▶ [Aim of the task]: Look over the entries below. Report how many lines hold the word "definition", and only that.

BEGIN Records for the exercise

(* Let $A$ be a T-brace. If the additive group of the $\star$-center $\zeta(\star,A)$ of $A$ is torsion-free, then the upper $\star$-hypercenter $\zeta_\infty(\star,A)$ of $A$ coincides with $\zeta(\star,A)$.
   Context: A (left) brace is a set $A$ with two operations $+$ and $\cdot$ such that $(A,+)$ is an abelian group, $(A,\cdot)$ is a group, and $a(b+c)=ab+ac-a$ for all $a,b,c\in A$; the identities of both groups coincide (denoted $0$). Put $a\star b=ab-a-b$. A subbrace is a subset which is a subgroup of both $(A,+)$ and $(A,\cdot)$. A subbrace $L$ is an ideal of $A$ if $a\star z\in L$ and $z\star a\in L$ for all $a\in A$, $z\in L$; then the quotient brace $A/L$ is defined naturally. A brace $A$ is a T-brace if being an ideal is transitive: whenever $I$ is an ideal of $J$ and $J$ is an ideal of $A$, $I$ is an ideal of $A$. The $\star$-center is $\zeta(\star,A)=\{a\in A: a\star x=x\star a=0 \text{ for all } x\in A\}$, an ideal of $A$. The upper $\star$-central series is defined by $\zeta_0(\star,A)=0$, $\zeta_1(\star,A)=\zeta(\star,A)$, $\zeta_{\alpha+1}(\star,A)/\zeta_\alpha(\star,A)=\zeta(\star,A/\zeta_\alpha(\star,A))$, and $\zeta_\lambda(\star,A)=\bigcup_{\mu<\lambda}\zeta_\mu(\star,A)$ for limit ordinals $\lambda$; its last term $\zeta_\infty(\star,A)$ is the upper $\star$-hypercenter. *)

theory Defs
  imports Main
begin

record 'a brace_str =
  carrier :: "'a set"
  add :: "'a \<Rightarrow> 'a \<Rightarrow> 'a"
  neg :: "'a \<Rightarrow> 'a"
  mul :: "'a \<Rightarrow> 'a \<Rightarrow> 'a"
  zero :: 'a

definition is_brace :: "('a, 'b) brace_str_scheme \<Rightarrow> bool" where
  "is_brace A \<longleftrightarrow>
     zero A \<in> carrier A \<and>
     (\<forall>a\<in>carrier A. \<forall>b\<in>carrier A. add A a b \<in> carrier A) \<and>
     (\<forall>a\<in>carrier A. neg A a \<in> carrier A) \<and>
     (\<forall>a\<in>carrier A. \<forall>b\<in>carrier A. mul A a b \<in> carrier A) \<and>
     (\<forall>a\<in>carrier A. \<forall>b\<in>carrier A. \<forall>c\<in>carrier A. add A (add A a b) c = add A a (add A b c)) \<and>
     (\<forall>a\<in>carrier A. \<forall>b\<in>carrier A. add A a b = add A b a) \<and>
     (\<forall>a\<in>carrier A. add A a (zero A) = a) \<and>
     (\<forall>a\<in>carrier A. add A a (neg A a) = zero A) \<and>
     (\<forall>a\<in>carrier A. \<forall>b\<in>carrier A. \<forall>c\<in>carrier A. mul A (mul A a b) c = mul A a (mul A b c)) \<and>
     (\<forall>a\<in>carrier A. mul A a (zero A) = a \<and> mul A (zero A) a = a) \<and>
     (\<forall>a\<in>carrier A. \<exists>b\<in>carrier A. mul A a b = zero A \<and> mul A b a = zero A) \<and>
     (\<forall>a\<in>carrier A. \<forall>b\<in>carrier A. \<forall>c\<in>carrier A.
        mul A a (add A b c) = add A (add A (mul A a b) (mul A a c)) (neg A a))"

definition star :: "('a, 'b) brace_str_scheme \<Rightarrow> 'a \<Rightarrow> 'a \<Rightarrow> 'a" where
  "star A a b = add A (add A (mul A a b) (neg A a)) (neg A b)"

END Records for the exercise

▶ [Solution for this problem]: 2